** Opening DATA SUPPLIED block **
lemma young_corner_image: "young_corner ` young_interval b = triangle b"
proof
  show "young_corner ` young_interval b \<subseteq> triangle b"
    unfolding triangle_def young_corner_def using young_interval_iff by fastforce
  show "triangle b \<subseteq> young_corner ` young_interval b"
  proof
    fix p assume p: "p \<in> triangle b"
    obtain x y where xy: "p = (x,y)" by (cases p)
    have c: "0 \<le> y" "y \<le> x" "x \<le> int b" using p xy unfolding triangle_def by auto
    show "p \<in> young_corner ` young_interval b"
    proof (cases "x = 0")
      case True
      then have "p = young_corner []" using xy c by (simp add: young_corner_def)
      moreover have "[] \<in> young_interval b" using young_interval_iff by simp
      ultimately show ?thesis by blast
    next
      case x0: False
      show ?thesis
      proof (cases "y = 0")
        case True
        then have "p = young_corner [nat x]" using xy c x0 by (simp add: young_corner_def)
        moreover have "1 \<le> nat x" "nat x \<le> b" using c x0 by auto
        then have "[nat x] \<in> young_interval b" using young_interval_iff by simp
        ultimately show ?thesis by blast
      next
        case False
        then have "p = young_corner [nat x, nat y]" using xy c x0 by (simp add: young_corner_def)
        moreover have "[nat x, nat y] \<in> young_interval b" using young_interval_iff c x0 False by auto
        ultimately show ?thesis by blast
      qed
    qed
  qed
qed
** Closing DATA SUPPLIED block **
** Opening DATA SUPPLIED block **
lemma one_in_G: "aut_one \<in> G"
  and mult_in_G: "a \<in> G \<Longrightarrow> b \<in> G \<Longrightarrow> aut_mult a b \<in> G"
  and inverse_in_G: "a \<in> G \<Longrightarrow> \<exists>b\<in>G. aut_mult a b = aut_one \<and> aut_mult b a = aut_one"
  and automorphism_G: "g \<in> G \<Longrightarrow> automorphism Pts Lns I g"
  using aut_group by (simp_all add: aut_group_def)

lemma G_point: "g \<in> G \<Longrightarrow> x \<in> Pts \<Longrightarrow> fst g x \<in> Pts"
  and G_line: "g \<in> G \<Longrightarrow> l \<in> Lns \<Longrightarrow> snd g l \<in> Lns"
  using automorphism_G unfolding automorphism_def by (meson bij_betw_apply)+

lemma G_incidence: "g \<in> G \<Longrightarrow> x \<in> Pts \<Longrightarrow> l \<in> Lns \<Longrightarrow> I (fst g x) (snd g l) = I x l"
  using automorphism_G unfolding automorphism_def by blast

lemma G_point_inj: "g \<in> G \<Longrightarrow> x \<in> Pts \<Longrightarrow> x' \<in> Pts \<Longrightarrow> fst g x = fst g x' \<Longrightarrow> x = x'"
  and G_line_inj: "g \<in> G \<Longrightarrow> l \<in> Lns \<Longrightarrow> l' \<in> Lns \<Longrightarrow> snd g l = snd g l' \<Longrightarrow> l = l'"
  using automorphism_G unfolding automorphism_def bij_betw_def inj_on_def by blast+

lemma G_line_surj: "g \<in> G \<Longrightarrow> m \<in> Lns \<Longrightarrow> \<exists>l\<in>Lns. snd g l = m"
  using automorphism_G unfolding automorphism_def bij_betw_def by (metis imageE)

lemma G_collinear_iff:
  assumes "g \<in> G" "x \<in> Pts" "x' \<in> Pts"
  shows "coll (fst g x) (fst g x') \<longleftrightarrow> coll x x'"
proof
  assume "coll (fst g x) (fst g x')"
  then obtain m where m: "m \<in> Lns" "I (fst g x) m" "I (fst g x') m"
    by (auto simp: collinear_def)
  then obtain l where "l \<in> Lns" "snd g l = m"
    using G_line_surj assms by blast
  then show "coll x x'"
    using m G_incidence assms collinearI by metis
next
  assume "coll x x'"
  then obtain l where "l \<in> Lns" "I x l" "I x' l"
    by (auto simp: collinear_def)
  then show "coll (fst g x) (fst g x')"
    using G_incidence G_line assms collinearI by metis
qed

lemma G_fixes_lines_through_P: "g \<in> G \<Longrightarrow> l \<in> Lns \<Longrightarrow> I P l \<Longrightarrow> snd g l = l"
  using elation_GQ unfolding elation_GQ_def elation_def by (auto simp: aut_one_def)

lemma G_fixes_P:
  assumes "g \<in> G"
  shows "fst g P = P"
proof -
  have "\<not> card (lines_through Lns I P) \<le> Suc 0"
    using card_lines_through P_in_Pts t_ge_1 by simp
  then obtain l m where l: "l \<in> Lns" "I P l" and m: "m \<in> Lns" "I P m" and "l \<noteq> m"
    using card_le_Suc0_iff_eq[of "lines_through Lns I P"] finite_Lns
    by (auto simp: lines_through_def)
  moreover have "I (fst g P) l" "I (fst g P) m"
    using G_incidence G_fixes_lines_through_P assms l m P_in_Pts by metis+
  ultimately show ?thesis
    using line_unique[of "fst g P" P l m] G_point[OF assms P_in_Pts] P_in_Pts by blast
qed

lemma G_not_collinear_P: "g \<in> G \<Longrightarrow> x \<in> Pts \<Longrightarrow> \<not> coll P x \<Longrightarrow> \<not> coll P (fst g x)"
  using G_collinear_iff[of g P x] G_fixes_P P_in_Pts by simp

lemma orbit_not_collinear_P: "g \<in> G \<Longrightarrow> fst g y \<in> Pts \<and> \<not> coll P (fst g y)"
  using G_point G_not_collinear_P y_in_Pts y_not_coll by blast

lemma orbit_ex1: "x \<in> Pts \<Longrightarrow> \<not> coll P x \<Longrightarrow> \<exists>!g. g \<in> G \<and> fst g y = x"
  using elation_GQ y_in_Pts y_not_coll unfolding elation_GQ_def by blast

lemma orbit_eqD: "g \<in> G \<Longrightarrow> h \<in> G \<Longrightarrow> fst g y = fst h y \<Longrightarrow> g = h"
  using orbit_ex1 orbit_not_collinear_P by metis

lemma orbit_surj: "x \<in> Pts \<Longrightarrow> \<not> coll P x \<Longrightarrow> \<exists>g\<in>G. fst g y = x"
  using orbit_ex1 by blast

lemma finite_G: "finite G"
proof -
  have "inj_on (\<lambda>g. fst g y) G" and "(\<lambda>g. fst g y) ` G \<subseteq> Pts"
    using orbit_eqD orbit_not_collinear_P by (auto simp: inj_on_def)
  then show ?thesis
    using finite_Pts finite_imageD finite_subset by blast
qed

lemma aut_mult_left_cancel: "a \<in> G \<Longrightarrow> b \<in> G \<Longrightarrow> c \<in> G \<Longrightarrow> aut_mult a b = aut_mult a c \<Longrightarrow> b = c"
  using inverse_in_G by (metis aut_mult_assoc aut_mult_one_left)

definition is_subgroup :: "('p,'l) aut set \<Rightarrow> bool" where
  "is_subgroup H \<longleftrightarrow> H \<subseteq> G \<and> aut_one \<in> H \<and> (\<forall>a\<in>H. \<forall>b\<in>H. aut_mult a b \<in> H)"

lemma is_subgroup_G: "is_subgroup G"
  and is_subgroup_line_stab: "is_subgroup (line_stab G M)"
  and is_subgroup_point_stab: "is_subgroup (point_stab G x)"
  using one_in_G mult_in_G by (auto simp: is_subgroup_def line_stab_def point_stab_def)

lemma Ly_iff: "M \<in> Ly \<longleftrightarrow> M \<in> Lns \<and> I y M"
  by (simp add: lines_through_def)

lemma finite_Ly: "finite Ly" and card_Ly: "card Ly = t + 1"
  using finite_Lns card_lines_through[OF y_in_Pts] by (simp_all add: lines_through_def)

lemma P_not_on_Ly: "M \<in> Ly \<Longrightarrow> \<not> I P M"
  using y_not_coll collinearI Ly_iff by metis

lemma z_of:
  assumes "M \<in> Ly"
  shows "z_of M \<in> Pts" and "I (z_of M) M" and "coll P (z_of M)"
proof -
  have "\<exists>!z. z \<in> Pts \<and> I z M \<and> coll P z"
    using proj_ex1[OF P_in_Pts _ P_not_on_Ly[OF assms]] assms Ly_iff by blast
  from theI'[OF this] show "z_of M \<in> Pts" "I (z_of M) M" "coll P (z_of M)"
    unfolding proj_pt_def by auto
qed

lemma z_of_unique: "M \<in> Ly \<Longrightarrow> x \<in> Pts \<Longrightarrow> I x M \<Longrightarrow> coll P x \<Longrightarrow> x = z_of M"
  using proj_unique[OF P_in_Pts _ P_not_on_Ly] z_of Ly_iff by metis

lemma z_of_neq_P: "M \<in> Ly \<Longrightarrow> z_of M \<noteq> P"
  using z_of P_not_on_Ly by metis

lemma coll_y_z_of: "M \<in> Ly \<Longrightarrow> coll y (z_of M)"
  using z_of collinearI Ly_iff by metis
** Closing DATA SUPPLIED block **
● **ASSIGNMENT**
Lines with "False" in them are what the answer must contain; copy each from the records above.

● **RESULT BELOW**
      case x0: False
        case False
        moreover have "[nat x, nat y] \<in> young_interval b" using young_interval_iff c x0 False by auto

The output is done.